▶ _EXERCISE BRIEF_
Retype exactly the lines that run from the line with "unfolding sqnorm_def by (simp add: sum_nonneg)" to the final line of the entries, keeping both ends and nothing else.

▶ _DATA FOR PROCESSING_
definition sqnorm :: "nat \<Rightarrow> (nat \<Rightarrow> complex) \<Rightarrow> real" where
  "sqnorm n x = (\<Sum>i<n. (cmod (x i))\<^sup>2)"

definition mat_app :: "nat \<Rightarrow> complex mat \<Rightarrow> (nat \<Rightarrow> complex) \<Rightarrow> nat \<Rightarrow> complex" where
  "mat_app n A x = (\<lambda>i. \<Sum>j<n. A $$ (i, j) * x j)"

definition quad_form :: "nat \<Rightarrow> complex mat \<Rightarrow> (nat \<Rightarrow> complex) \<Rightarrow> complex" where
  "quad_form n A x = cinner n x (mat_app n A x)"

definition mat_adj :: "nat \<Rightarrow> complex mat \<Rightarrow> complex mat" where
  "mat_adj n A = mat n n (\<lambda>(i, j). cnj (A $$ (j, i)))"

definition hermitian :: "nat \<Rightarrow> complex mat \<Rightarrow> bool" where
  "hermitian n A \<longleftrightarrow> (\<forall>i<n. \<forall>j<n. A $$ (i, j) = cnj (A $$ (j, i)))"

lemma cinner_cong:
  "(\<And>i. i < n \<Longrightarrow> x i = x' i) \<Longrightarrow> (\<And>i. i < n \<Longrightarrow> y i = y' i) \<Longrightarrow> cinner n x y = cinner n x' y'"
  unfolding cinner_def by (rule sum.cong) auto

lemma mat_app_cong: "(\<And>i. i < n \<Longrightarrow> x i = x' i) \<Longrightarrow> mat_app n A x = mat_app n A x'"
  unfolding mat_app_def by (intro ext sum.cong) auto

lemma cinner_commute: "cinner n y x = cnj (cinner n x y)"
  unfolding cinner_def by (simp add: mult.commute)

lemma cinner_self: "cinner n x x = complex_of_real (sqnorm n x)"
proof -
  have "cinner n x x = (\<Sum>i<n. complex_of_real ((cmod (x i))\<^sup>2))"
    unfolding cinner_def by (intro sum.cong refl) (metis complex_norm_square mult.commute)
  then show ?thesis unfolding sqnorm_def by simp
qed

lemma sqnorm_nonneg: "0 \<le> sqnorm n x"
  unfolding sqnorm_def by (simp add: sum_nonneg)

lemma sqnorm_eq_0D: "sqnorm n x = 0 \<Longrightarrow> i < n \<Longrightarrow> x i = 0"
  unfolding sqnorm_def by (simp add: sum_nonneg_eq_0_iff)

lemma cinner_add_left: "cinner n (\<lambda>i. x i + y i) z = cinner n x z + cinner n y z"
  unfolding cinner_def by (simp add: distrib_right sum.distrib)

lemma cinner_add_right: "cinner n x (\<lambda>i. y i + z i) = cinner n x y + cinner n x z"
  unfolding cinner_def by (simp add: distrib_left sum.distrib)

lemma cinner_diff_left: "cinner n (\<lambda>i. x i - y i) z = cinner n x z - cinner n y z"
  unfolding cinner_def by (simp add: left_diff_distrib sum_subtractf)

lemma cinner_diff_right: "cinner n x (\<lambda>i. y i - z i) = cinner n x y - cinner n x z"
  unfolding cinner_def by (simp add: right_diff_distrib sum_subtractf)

▶ _THE COMPLETED TASK_
  unfolding sqnorm_def by (simp add: sum_nonneg)

lemma sqnorm_eq_0D: "sqnorm n x = 0 \<Longrightarrow> i < n \<Longrightarrow> x i = 0"
  unfolding sqnorm_def by (simp add: sum_nonneg_eq_0_iff)

lemma cinner_add_left: "cinner n (\<lambda>i. x i + y i) z = cinner n x z + cinner n y z"
  unfolding cinner_def by (simp add: distrib_right sum.distrib)

lemma cinner_add_right: "cinner n x (\<lambda>i. y i + z i) = cinner n x y + cinner n x z"
  unfolding cinner_def by (simp add: distrib_left sum.distrib)

lemma cinner_diff_left: "cinner n (\<lambda>i. x i - y i) z = cinner n x z - cinner n y z"
  unfolding cinner_def by (simp add: left_diff_distrib sum_subtractf)

lemma cinner_diff_right: "cinner n x (\<lambda>i. y i - z i) = cinner n x y - cinner n x z"
  unfolding cinner_def by (simp add: right_diff_distrib sum_subtractf)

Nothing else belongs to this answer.